= Collected data entries =
----------

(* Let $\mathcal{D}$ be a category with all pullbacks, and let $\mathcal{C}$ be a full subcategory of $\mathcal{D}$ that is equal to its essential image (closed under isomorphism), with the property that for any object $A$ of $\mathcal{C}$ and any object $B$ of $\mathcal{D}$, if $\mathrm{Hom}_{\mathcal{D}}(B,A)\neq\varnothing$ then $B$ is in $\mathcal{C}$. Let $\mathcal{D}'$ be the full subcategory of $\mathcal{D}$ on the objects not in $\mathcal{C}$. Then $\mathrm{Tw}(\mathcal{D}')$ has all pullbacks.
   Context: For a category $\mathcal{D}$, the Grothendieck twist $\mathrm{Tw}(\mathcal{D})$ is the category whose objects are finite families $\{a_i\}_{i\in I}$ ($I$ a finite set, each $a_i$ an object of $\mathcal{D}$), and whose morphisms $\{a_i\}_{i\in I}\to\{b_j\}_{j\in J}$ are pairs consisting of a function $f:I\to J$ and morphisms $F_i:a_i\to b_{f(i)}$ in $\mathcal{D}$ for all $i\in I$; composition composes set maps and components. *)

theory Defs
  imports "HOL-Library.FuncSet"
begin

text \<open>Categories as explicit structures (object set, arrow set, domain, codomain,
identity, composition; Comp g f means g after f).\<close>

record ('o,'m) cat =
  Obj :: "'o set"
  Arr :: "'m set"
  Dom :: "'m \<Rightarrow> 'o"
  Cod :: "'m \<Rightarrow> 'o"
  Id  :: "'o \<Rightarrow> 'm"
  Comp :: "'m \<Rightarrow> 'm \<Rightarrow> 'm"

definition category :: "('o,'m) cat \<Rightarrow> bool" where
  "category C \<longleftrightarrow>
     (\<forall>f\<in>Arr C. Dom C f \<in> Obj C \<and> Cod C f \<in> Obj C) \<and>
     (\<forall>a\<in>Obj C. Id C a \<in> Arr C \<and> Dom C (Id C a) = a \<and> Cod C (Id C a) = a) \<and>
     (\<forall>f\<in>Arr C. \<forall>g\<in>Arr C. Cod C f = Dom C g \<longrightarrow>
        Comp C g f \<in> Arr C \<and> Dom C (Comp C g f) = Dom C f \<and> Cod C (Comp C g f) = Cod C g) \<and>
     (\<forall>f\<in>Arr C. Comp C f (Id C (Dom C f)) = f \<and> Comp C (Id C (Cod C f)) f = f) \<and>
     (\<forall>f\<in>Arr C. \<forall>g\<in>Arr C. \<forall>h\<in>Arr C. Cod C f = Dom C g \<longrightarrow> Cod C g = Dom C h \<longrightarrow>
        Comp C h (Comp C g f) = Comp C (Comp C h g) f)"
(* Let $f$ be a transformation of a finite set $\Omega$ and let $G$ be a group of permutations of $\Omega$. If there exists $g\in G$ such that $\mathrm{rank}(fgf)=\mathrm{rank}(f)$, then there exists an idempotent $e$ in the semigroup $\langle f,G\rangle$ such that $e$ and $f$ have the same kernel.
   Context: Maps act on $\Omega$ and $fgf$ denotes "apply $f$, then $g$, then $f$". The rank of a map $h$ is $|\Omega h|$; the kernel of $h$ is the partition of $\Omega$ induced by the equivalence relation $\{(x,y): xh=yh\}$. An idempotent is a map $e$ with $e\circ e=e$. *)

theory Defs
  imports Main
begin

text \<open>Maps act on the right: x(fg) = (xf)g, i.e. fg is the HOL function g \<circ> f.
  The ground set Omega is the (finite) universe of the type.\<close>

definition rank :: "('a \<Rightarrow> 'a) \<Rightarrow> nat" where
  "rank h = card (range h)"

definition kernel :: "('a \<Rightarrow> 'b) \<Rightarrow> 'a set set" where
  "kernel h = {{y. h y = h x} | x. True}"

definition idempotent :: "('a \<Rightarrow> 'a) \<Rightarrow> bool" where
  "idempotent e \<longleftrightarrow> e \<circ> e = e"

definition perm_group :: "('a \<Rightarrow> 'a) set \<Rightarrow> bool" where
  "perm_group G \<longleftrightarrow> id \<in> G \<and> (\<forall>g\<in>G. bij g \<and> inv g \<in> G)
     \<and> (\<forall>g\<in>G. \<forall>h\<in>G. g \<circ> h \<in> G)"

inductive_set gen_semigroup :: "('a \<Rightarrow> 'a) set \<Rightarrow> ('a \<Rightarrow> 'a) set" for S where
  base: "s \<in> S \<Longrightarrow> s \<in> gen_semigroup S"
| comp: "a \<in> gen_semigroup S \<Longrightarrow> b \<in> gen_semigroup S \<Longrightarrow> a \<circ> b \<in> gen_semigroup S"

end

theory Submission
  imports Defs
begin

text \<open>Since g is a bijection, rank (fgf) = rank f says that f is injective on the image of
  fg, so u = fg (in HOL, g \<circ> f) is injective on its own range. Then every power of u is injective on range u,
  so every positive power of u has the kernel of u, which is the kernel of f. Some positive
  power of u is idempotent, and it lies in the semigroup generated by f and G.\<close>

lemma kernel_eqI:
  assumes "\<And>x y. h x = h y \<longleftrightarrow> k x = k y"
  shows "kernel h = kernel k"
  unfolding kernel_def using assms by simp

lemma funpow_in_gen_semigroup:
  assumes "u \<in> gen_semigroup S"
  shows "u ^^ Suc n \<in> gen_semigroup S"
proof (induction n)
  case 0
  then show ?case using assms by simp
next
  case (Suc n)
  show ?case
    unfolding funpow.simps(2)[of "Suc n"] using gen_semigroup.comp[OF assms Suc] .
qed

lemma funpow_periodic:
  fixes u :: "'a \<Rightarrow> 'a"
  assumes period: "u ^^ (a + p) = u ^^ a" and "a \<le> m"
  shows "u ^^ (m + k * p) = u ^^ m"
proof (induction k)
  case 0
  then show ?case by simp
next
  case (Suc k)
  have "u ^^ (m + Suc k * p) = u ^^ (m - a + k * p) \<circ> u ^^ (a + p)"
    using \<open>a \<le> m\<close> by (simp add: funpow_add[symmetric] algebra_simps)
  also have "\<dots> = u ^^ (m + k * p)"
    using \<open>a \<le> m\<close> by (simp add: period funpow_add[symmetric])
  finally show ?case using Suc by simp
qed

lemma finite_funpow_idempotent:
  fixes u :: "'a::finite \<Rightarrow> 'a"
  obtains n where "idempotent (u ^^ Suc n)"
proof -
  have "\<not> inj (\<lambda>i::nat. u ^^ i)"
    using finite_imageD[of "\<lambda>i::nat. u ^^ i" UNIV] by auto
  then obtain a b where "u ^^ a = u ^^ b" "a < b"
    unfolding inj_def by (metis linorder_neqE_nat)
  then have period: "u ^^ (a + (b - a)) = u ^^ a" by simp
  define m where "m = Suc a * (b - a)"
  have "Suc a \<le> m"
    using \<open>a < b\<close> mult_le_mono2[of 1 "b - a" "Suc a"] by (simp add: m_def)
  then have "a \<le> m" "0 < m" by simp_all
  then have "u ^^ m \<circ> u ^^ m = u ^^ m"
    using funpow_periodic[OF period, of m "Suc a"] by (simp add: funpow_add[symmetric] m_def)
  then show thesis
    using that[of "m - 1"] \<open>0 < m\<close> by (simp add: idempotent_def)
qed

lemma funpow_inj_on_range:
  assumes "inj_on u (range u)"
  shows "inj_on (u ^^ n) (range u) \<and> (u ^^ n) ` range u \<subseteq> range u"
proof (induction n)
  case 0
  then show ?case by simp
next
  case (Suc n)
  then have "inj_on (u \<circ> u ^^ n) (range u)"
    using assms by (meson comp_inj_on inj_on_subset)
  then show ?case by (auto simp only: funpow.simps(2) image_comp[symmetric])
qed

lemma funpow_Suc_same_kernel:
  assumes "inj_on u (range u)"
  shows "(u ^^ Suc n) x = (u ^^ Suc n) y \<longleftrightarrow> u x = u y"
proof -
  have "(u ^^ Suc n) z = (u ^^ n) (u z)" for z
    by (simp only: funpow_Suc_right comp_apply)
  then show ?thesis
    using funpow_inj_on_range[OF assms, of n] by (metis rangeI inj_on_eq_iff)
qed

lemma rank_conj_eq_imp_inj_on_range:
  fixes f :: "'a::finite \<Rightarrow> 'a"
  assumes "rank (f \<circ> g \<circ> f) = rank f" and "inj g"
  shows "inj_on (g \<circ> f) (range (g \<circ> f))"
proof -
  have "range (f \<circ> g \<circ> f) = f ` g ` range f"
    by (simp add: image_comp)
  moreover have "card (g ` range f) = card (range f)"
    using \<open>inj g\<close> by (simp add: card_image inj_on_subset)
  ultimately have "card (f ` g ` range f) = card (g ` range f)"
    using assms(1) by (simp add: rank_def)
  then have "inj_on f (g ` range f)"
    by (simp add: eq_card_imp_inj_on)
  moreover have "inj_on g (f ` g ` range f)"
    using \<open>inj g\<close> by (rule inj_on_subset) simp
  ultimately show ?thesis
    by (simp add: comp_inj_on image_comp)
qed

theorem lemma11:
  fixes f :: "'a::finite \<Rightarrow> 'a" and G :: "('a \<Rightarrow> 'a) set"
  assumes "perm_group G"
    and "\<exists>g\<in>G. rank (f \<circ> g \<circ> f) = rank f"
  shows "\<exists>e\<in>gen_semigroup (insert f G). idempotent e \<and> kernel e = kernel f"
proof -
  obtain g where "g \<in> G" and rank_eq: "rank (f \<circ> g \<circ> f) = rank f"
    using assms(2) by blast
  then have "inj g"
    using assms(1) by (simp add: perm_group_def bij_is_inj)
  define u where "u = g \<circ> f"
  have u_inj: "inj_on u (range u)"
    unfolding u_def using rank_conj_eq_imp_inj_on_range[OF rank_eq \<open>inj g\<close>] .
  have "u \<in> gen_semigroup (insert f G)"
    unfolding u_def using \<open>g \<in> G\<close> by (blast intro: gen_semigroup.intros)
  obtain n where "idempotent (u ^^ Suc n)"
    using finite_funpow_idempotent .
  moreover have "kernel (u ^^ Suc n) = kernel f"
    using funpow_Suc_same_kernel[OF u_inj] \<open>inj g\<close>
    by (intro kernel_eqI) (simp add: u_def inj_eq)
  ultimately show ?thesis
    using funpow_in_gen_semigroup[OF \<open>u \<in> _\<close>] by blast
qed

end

----------

= TASK =
Please show every line of the records that holds the word "assumes".

= ANSWER BOX =
  assumes "\<And>x y. h x = h y \<longleftrightarrow> k x = k y"
  assumes "u \<in> gen_semigroup S"
  assumes period: "u ^^ (a + p) = u ^^ a" and "a \<le> m"
  assumes "inj_on u (range u)"
  assumes "inj_on u (range u)"
  assumes "rank (f \<circ> g \<circ> f) = rank f" and "inj g"
  assumes "perm_group G"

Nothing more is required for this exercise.